The Commission of Inquiry (COI) established by President David Granger to resolve land issues has requested more time to complete its work, even as it handed over its preliminary report to the Minister of State, Joseph Harmon.

Harmon on Friday received the draft document from the Commission which was supposed to hand over the official report by November 1, 2017.

The Minister is expected to hand over the report to the Head of State shortly as well as communicate the Commission’s request for an extension, a statement from the Ministry of the Presidency (MotP) said.

The Ministry explained that the extension was requested since the Commission’s work with regard to Indigenous peoples lands has been put on hold pending the outcome of further discussions with Indigenous groups.

The Ministry said Harmon told the Commissioners that the President’s decision to launch the Inquiry has been vindicated given the scope of work in terms of the evidence that is being unearthed and submissions that are being made. “Many persons felt that this was a waste of time and you can hear it coming out of the Opposition, but certainly I think that the work, which the Commission is doing is a vindication of His Excellency’s confidence that we can provide answers for ourselves right here in Guyana and we do not have to wait on any foreign entity to come here to say to us what is wrong and what we need to fix it,” the Minister said.

He added that the Administration is confident in the ability of the Commissioners to be able to separate fact from fiction so as to rectify long-standing land issues in a manner that is both impartial and satisfactory to the people of Guyana. Speaking to the commissioners, he said, “I get a sense that you are discovering that there are fraudulent transactions in the acquisition of land and that there is need for an education programme in some sections of our society and these are things that have to be followed up after the commission’s work.”

Minister Harmon also informed that there are provisions in the Laws of Guyana that allow for the Commission to refer matters that come before it to other Government agencies to be addressed rather than wait for the submission of the final report for action to be taken.

Meanwhile, Chairman of the Commission, Rev. George Chuck-A-Sang disclosed that the Commission has had two public hearings and is in receipt of over 120 submissions.
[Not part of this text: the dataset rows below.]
theorem mainTheorem3:
  fixes A :: "(real^'d::finite) set" and n :: nat and z0 :: "real^'d"
    and T :: "(real^'d) measure" and h :: "real^'d \<Rightarrow> real"
  assumes "compact A" and "z0 \<notin> A"
    and "in_S A n z0 T h" and "reproduces n z0 T h"
    and "\<forall>T' h'. in_S A n z0 T' h' \<and> reproduces n z0 T' h' \<longrightarrow> measure T A \<le> measure T' A"
  shows "optimal_prediction_measure A n z0 (scale_measure (ennreal (1 / measure T A)) T)"
proof -
  note A = assms(1) and rep = assms(4) and min = assms(5)
  define \<mu> where "\<mu> = scale_measure (ennreal (1 / measure T A)) T"
  obtain \<mu>' where opt: "optimal_prediction_measure A n z0 \<mu>'" and supp: "msupport \<mu>' \<subseteq> msupport T"
    and T_h: "signed_measure_on A T h"
    using assms(3) by (auto simp: in_S_def)
  have T: "finite_measure_on A T" using T_h by (rule signed_measure_on_imp_finite_measure_on)
  have "0 < measure T A" by (rule reproduces_measure_pos[OF A T_h rep])
  then have \<mu>_prob: "prob_measure_on A \<mu>"
    unfolding \<mu>_def by (rule prob_measure_on_normalize[OF compact_imp_closed[OF A] T])
  have "msupport \<mu> = msupport T" unfolding \<mu>_def using \<open>0 < measure T A\<close> by (simp add: msupport_scale_measure)
  moreover have "non_degenerate n \<mu>'" and "sets \<mu>' = sets borel"
    using opt by (auto simp: optimal_prediction_measure_def prob_measure_on_def)
  ultimately have \<mu>_nondeg: "non_degenerate n \<mu>"
    using non_degenerate_msupport_mono[OF _ _ A prob_measure_on_imp_finite_measure_on[OF \<mu>_prob]] supp
    by blast
  have "Kn n \<mu> z0 \<le> Kn n \<mu>'' z0" if "prob_measure_on A \<mu>''" and "non_degenerate n \<mu>''" for \<mu>''
    using Kn_normalized_le[OF A T_h rep \<mu>_nondeg[unfolded \<mu>_def]]
      Kn_lower_bound[OF A assms(3) rep min that] unfolding \<mu>_def by linarith
  then show ?thesis
    using \<mu>_prob \<mu>_nondeg unfolding \<mu>_def optimal_prediction_measure_def by blast
qed

end
(* There is an absolute constant $C$ such that the following holds. Let $x,z\in\mathbb{R}^3$ with $r=|x-z|>0$, and choose Cartesian coordinates in which $x=(-r/2,0,0)$ and $z=(r/2,0,0)$. For $y\in\mathbb{R}^3$ let $\rho=|x-y|+|y-z|$ and let $\theta\in(0,\pi)$, $\phi\in[0,2\pi)$ be the elliptical coordinates of $y$ defined by $$y_1=\tfrac{\rho}{2}\cos\theta,\quad y_2=\tfrac{\sqrt{\rho^2-r^2}}{2}\sin\theta\cos\phi,\quad y_3=\tfrac{\sqrt{\rho^2-r^2}}{2}\sin\theta\sin\phi.$$ Then for every $f\in\mathcal K_2$, $$\int_{\{y:\ \rho\le 2r\}}\frac{|f(y)|\,dy}{r\sqrt{\rho^2-r^2}\,\sin\theta}\le C\|f\|_{\mathcal K_2}.$$
   Context: $\mathcal K_2$ is the space of functions on $\mathbb{R}^3$ with $\|f\|_{\mathcal K_2}=\sup_{w\in\mathbb{R}^3}\int_{\mathbb{R}^3}\frac{|f(y)|}{|y-w|^2}dy<\infty$. *)

theory Defs
  imports "HOL-Analysis.Analysis"
begin

definition K2_norm :: "(real^3 \<Rightarrow> real) \<Rightarrow> ennreal" where
  "K2_norm f = (SUP w. \<integral>\<^sup>+ y. ennreal (\<bar>f y\<bar> / (norm (y - w))\<^sup>2) \<partial>lborel)"

definition K2 :: "(real^3 \<Rightarrow> real) set" where
  "K2 = {f. f \<in> borel_measurable lborel \<and> K2_norm f < \<infinity>}"

definition focus_x :: "real \<Rightarrow> real^3" where
  "focus_x r = vector [- r / 2, 0, 0]"
definition focus_z :: "real \<Rightarrow> real^3" where
  "focus_z r = vector [r / 2, 0, 0]"

definition ell_rho :: "real \<Rightarrow> real^3 \<Rightarrow> real" where
  "ell_rho r y = dist (focus_x r) y + dist y (focus_z r)"
definition ell_theta :: "real \<Rightarrow> real^3 \<Rightarrow> real" where
  "ell_theta r y = arccos (2 * y $ 1 / ell_rho r y)"

end

theory Submission
  imports Defs
begin

text \<open>
  The weight \<open>\<surd>(\<rho>\<^sup>2 - r\<^sup>2) sin \<theta>\<close> equals \<open>2 d(y)\<close>, where \<open>d(y)\<close> is the distance of \<open>y\<close> from the
  axis through the two foci. On the region \<open>\<rho> \<le> 2r\<close> we have \<open>|y\<^sub>1| \<le> r\<close> and \<open>d(y) \<le> r\<close>, and
  \<open>1 / d(y)\<close> is bounded by the integral of \<open>|y - t e\<^sub>1|\<^sup>-\<^sup>2\<close> over \<open>t \<in> [-2r, 2r]\<close>, since each
  \<open>t\<close> with \<open>|t - y\<^sub>1| \<le> d(y)\<close> contributes at least \<open>1 / (2 d(y)\<^sup>2)\<close>. Exchanging the order of
  integration, every \<open>t\<close> contributes at most \<open>\<parallel>f\<parallel>\<^sub>K\<^sub>2\<close>, which gives the bound with \<open>C = 2\<close>.
\<close>

definition axis_dist :: "real^3 \<Rightarrow> real" where
  "axis_dist y = sqrt ((y$2)\<^sup>2 + (y$3)\<^sup>2)"

lemma axis_dist_nonneg: "0 \<le> axis_dist y"
  by (simp add: axis_dist_def)

lemma norm_vec3_power2: "(norm (v::real^3))\<^sup>2 = (v$1)\<^sup>2 + (v$2)\<^sup>2 + (v$3)\<^sup>2"
proof -
  have "(norm v)\<^sup>2 = inner v v"
    by (simp add: power2_norm_eq_inner)
  then show ?thesis
    by (simp add: inner_vec_def sum_3 power2_eq_square)
qed

lemma norm_diff_axis_power2:
  "(norm (y - t *\<^sub>R axis 1 1))\<^sup>2 = (y$1 - t)\<^sup>2 + (axis_dist y)\<^sup>2"
  by (simp add: norm_vec3_power2 axis_dist_def axis_def)

lemma focus_x_eq_axis: "focus_x r = (- r / 2) *\<^sub>R axis 1 1"
  and focus_z_eq_axis: "focus_z r = (r / 2) *\<^sub>R axis 1 1"
  by (auto simp: focus_x_def focus_z_def vec_eq_iff forall_3 axis_def)

lemma dist_focus_x_power2: "(dist (focus_x r) y)\<^sup>2 = (y$1 + r / 2)\<^sup>2 + (axis_dist y)\<^sup>2"
  by (subst dist_commute) (simp only: dist_norm focus_x_eq_axis norm_diff_axis_power2, simp)

lemma dist_focus_z_power2: "(dist y (focus_z r))\<^sup>2 = (y$1 - r / 2)\<^sup>2 + (axis_dist y)\<^sup>2"
  unfolding dist_norm focus_z_eq_axis norm_diff_axis_power2 ..

lemma ell_rho_lower_bounds:
  shows "\<bar>r\<bar> \<le> ell_rho r y" and "\<bar>2 * y$1\<bar> \<le> ell_rho r y" and "2 * axis_dist y \<le> ell_rho r y"
proof -
  have le_of_power2: "\<bar>a\<bar> \<le> b \<and> \<bar>c\<bar> \<le> b" if "b\<^sup>2 = a\<^sup>2 + c\<^sup>2" "0 \<le> b" for a b c :: real
    using power2_le_imp_le[of "\<bar>a\<bar>" b] power2_le_imp_le[of "\<bar>c\<bar>" b] that by simp
  note x = le_of_power2[OF dist_focus_x_power2[of r y] zero_le_dist]
  note z = le_of_power2[OF dist_focus_z_power2[of y r] zero_le_dist]
  show "\<bar>r\<bar> \<le> ell_rho r y" "\<bar>2 * y$1\<bar> \<le> ell_rho r y" "2 * axis_dist y \<le> ell_rho r y"
    using x z unfolding ell_rho_def by linarith+
qed

lemma confocal_identity:
  fixes A B r a d :: real
  assumes "A\<^sup>2 = (a + r / 2)\<^sup>2 + d\<^sup>2" and "B\<^sup>2 = (a - r / 2)\<^sup>2 + d\<^sup>2"
  shows "((A + B)\<^sup>2 - r\<^sup>2) * ((A + B)\<^sup>2 - (2 * a)\<^sup>2) = (2 * (A + B) * d)\<^sup>2"
proof -
  define S where "S = A + B"
  have diff: "(A - B) * S = 2 * r * a"
    using assms by (simp add: S_def algebra_simps power2_eq_square)
  have sum: "(A - B)\<^sup>2 = (2 * a)\<^sup>2 + r\<^sup>2 + 4 * d\<^sup>2 - S\<^sup>2"
    using assms by (simp add: S_def algebra_simps power2_eq_square)
  have "(2 * r * a)\<^sup>2 = S\<^sup>2 * ((2 * a)\<^sup>2 + r\<^sup>2 + 4 * d\<^sup>2 - S\<^sup>2)"
    unfolding diff[symmetric] sum[symmetric] by (simp add: power_mult_distrib)
  then show ?thesis
    unfolding S_def[symmetric] by (simp add: algebra_simps power2_eq_square)
qed

lemma sqrt_ell_rho_times_sin_ell_theta:
  "sqrt ((ell_rho r y)\<^sup>2 - r\<^sup>2) * sin (ell_theta r y) = 2 * axis_dist y"
proof (cases "ell_rho r y = 0")
  case True
  then have "r = 0" "axis_dist y = 0"
    using ell_rho_lower_bounds[where r = r and y = y] axis_dist_nonneg[of y] by auto
  with True show ?thesis by simp
next
  case False
  define \<rho> where "\<rho> = ell_rho r y"
  define c where "c = 2 * y$1 / \<rho>"
  have "\<rho> > 0" "\<bar>2 * y$1\<bar> \<le> \<rho>"
    using False ell_rho_lower_bounds[where r = r and y = y] by (auto simp: \<rho>_def)
  then have c: "\<bar>c\<bar> \<le> 1" "1 - c\<^sup>2 = (\<rho>\<^sup>2 - (2 * y$1)\<^sup>2) / \<rho>\<^sup>2"
    by (simp_all add: c_def abs_divide power_divide field_simps)
  have "(\<rho>\<^sup>2 - r\<^sup>2) * (\<rho>\<^sup>2 - (2 * y$1)\<^sup>2) = (2 * \<rho> * axis_dist y)\<^sup>2"
    unfolding \<rho>_def ell_rho_def
    by (rule confocal_identity[OF dist_focus_x_power2 dist_focus_z_power2])
  with \<open>\<rho> > 0\<close> have radial: "(\<rho>\<^sup>2 - r\<^sup>2) * (1 - c\<^sup>2) = (2 * axis_dist y)\<^sup>2"
    unfolding c(2) by (simp add: field_simps power_mult_distrib)
  have sin: "sin (ell_theta r y) = sqrt (1 - c\<^sup>2)"
    unfolding ell_theta_def c_def[unfolded \<rho>_def, symmetric] using c(1) by (rule sin_arccos_abs)
  have "sqrt (\<rho>\<^sup>2 - r\<^sup>2) * sin (ell_theta r y) = sqrt ((2 * axis_dist y)\<^sup>2)"
    by (simp only: sin radial[symmetric] real_sqrt_mult)
  then show ?thesis
    by (simp only: \<rho>_def real_sqrt_abs abs_of_nonneg axis_dist_nonneg mult_nonneg_nonneg zero_le_numeral)
qed

lemma inverse_axis_dist_le_nn_integral:
  assumes pos: "axis_dist y > 0"
  shows "ennreal (1 / axis_dist y)
    \<le> (\<integral>\<^sup>+ t \<in> {y$1 - axis_dist y .. y$1 + axis_dist y}. ennreal (1 / (norm (y - t *\<^sub>R axis 1 1))\<^sup>2) \<partial>lborel)"
proof -
  define d where "d = axis_dist y"
  have "ennreal (1 / d) = ennreal (1 / (2 * d\<^sup>2)) * ennreal (2 * d)"
    using pos by (simp add: d_def ennreal_mult[symmetric] power2_eq_square)
  also have "\<dots> = (\<integral>\<^sup>+ t \<in> {y$1 - d .. y$1 + d}. ennreal (1 / (2 * d\<^sup>2)) \<partial>lborel)"
    using pos by (simp add: d_def nn_integral_cmult_indicator mult.commute)
  also have "\<dots> \<le> (\<integral>\<^sup>+ t \<in> {y$1 - d .. y$1 + d}. ennreal (1 / (norm (y - t *\<^sub>R axis 1 1))\<^sup>2) \<partial>lborel)"
  proof (intro nn_integral_mono)
    fix t
    show "ennreal (1 / (2 * d\<^sup>2)) * indicator {y$1 - d .. y$1 + d} t
        \<le> ennreal (1 / (norm (y - t *\<^sub>R axis 1 1))\<^sup>2) * indicator {y$1 - d .. y$1 + d} t"
    proof (cases "t \<in> {y$1 - d .. y$1 + d}")
      case True
      then have "\<bar>y$1 - t\<bar> \<le> d"
        by auto
      then have "(y$1 - t)\<^sup>2 \<le> d\<^sup>2"
        using power_mono[of "\<bar>y$1 - t\<bar>" d 2] by simp
      then have "0 < (norm (y - t *\<^sub>R axis 1 1))\<^sup>2" "(norm (y - t *\<^sub>R axis 1 1))\<^sup>2 \<le> 2 * d\<^sup>2"
        using pos unfolding norm_diff_axis_power2 d_def by (auto intro: add_nonneg_pos)
      with True show ?thesis
        by (simp add: ennreal_leI frac_le)
    qed simp
  qed
  finally show ?thesis
    unfolding d_def .
qed

lemma nn_integral_potential_family_le_K2_norm:
  fixes f :: "real^3 \<Rightarrow> real" and \<gamma> :: "real \<Rightarrow> real^3"
  assumes [measurable]: "f \<in> borel_measurable lborel" "\<gamma> \<in> borel_measurable lborel" "T \<in> sets lborel"
  shows "(\<integral>\<^sup>+ y. (\<integral>\<^sup>+ t \<in> T. ennreal (\<bar>f y\<bar> / (norm (y - \<gamma> t))\<^sup>2) \<partial>lborel) \<partial>lborel)
    \<le> emeasure lborel T * K2_norm f"
proof -
  have "(\<integral>\<^sup>+ y. (\<integral>\<^sup>+ t \<in> T. ennreal (\<bar>f y\<bar> / (norm (y - \<gamma> t))\<^sup>2) \<partial>lborel) \<partial>lborel)
      = (\<integral>\<^sup>+ t. (\<integral>\<^sup>+ y. ennreal (\<bar>f y\<bar> / (norm (y - \<gamma> t))\<^sup>2) * indicator T t \<partial>lborel) \<partial>lborel)"
    by (rule lborel_pair.Fubini'[symmetric]) measurable
  also have "\<dots> \<le> (\<integral>\<^sup>+ t. K2_norm f * indicator T t \<partial>lborel)"
  proof (intro nn_integral_mono)
    fix t
    have "(\<integral>\<^sup>+ y. ennreal (\<bar>f y\<bar> / (norm (y - \<gamma> t))\<^sup>2) \<partial>lborel) \<le> K2_norm f"
      unfolding K2_norm_def by (rule SUP_upper) simp
    then show "(\<integral>\<^sup>+ y. ennreal (\<bar>f y\<bar> / (norm (y - \<gamma> t))\<^sup>2) * indicator T t \<partial>lborel)
        \<le> K2_norm f * indicator T t"
      by (simp split: split_indicator)
  qed
  also have "\<dots> = K2_norm f * emeasure lborel T"
    by (rule nn_integral_cmult_indicator[OF assms(3)])
  finally show ?thesis
    by (simp add: mult.commute)
qed

lemma ell_integrand_le_nn_integral_axis:
  fixes a r :: real and y :: "real^3"
  assumes r: "r > 0" and \<rho>: "ell_rho r y \<le> 2 * r" and a: "0 \<le> a"
  shows "ennreal (a / (r * sqrt ((ell_rho r y)\<^sup>2 - r\<^sup>2) * sin (ell_theta r y)))
    \<le> ennreal (1 / (2 * r)) * (\<integral>\<^sup>+ t \<in> {-2*r..2*r}. ennreal (a / (norm (y - t *\<^sub>R axis 1 1))\<^sup>2) \<partial>lborel)"
proof -
  define d where "d = axis_dist y"
  have denom: "r * sqrt ((ell_rho r y)\<^sup>2 - r\<^sup>2) * sin (ell_theta r y) = 2 * r * d"
    using sqrt_ell_rho_times_sin_ell_theta[where r = r and y = y] by (simp add: d_def mult.assoc)
  show ?thesis
  proof (cases "d = 0")
    case True
    \<comment> \<open>On the axis the weight vanishes, and division by zero makes the integrand \<open>0\<close>.\<close>
    then show ?thesis
      by (simp add: denom)
  next
    case False
    then have "d > 0"
      using axis_dist_nonneg[of y] by (simp add: d_def)
    have window: "{y$1 - d .. y$1 + d} \<subseteq> {-2*r..2*r}"
      using ell_rho_lower_bounds[where r = r and y = y] \<rho> by (auto simp: d_def)
    have "ennreal (a / (r * sqrt ((ell_rho r y)\<^sup>2 - r\<^sup>2) * sin (ell_theta r y)))
        = ennreal (1 / (2 * r)) * ennreal a * ennreal (1 / d)"
      using r a \<open>d > 0\<close> by (simp add: denom ennreal_mult[symmetric])
    also have "\<dots> \<le> ennreal (1 / (2 * r)) * ennreal a
        * (\<integral>\<^sup>+ t \<in> {y$1 - d .. y$1 + d}. ennreal (1 / (norm (y - t *\<^sub>R axis 1 1))\<^sup>2) \<partial>lborel)"
      using inverse_axis_dist_le_nn_integral \<open>d > 0\<close> by (intro mult_left_mono) (simp_all add: d_def)
    also have "\<dots> \<le> ennreal (1 / (2 * r)) * ennreal a
        * (\<integral>\<^sup>+ t \<in> {-2*r..2*r}. ennreal (1 / (norm (y - t *\<^sub>R axis 1 1))\<^sup>2) \<partial>lborel)"
      by (intro mult_left_mono nn_set_integral_set_mono window) simp_all
    also have "\<dots> = ennreal (1 / (2 * r))
        * (\<integral>\<^sup>+ t \<in> {-2*r..2*r}. ennreal (a / (norm (y - t *\<^sub>R axis 1 1))\<^sup>2) \<partial>lborel)"
    proof -
      have "ennreal a * (\<integral>\<^sup>+ t \<in> {-2*r..2*r}. ennreal (1 / (norm (y - t *\<^sub>R axis 1 1))\<^sup>2) \<partial>lborel)
          = (\<integral>\<^sup>+ t \<in> {-2*r..2*r}. ennreal (a / (norm (y - t *\<^sub>R axis 1 1))\<^sup>2) \<partial>lborel)"
        using a by (subst nn_integral_cmult[symmetric])
          (auto intro!: nn_integral_cong split: split_indicator simp: ennreal_mult'[symmetric])
      then show ?thesis
        by (simp only: mult.assoc)
    qed
    finally show ?thesis .
  qed
qed

theorem lemma5:
  shows "\<exists>C::real. \<forall>r::real. \<forall>f \<in> K2. r > 0 \<longrightarrow>
    (\<integral>\<^sup>+ y \<in> {y. ell_rho r y \<le> 2 * r}.
        ennreal (\<bar>f y\<bar> / (r * sqrt ((ell_rho r y)\<^sup>2 - r\<^sup>2) * sin (ell_theta r y))) \<partial>lborel)
      \<le> ennreal C * K2_norm f"
proof (intro exI[of _ 2] allI ballI impI)
  fix r :: real and f :: "real^3 \<Rightarrow> real"
  assume "f \<in> K2" and r: "r > 0"
  then have [measurable]: "f \<in> borel_measurable lborel"
    by (simp add: K2_def)
  let ?potential = "\<lambda>y. \<integral>\<^sup>+ t \<in> {-2*r..2*r}. ennreal (\<bar>f y\<bar> / (norm (y - t *\<^sub>R axis 1 1))\<^sup>2) \<partial>lborel"
  have "(\<integral>\<^sup>+ y \<in> {y. ell_rho r y \<le> 2 * r}.
        ennreal (\<bar>f y\<bar> / (r * sqrt ((ell_rho r y)\<^sup>2 - r\<^sup>2) * sin (ell_theta r y))) \<partial>lborel)
      \<le> (\<integral>\<^sup>+ y. ennreal (1 / (2 * r)) * ?potential y \<partial>lborel)"
    using ell_integrand_le_nn_integral_axis[OF r] by (intro nn_integral_mono) (simp split: split_indicator)
  also have "\<dots> = ennreal (1 / (2 * r)) * (\<integral>\<^sup>+ y. ?potential y \<partial>lborel)"
    by (rule nn_integral_cmult) measurable
  also have "\<dots> \<le> ennreal (1 / (2 * r)) * (emeasure lborel {-2*r..2*r} * K2_norm f)"
    by (intro mult_left_mono nn_integral_potential_family_le_K2_norm) simp_all
  also have "\<dots> = ennreal 2 * K2_norm f"
    using r by (simp add: mult.assoc[symmetric] ennreal_mult[symmetric])
  finally show "(\<integral>\<^sup>+ y \<in> {y. ell_rho r y \<le> 2 * r}.
        ennreal (\<bar>f y\<bar> / (r * sqrt ((ell_rho r y)\<^sup>2 - r\<^sup>2) * sin (ell_theta r y))) \<partial>lborel)
      \<le> ennreal 2 * K2_norm f" .
qed

end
Moreover, he informed that some of the key issues uncovered thus far include the dispossession of descendants of African Guyanese, the dispossession of freehold lands, through fraudulent practices and the lack of harmonisation of land laws among land management agencies.

On March, the President swore-in the members to the Commission, which also includes David James, Carol Khan-James, Professor Rudolph James, Lennox Caleb, Paulette Henry and Belinda Persaud.

The Land Rights Commission was mandated to examine and make recommendations to resolve issues and uncertainties surrounding the individual, joint or communal ownership of lands across the country.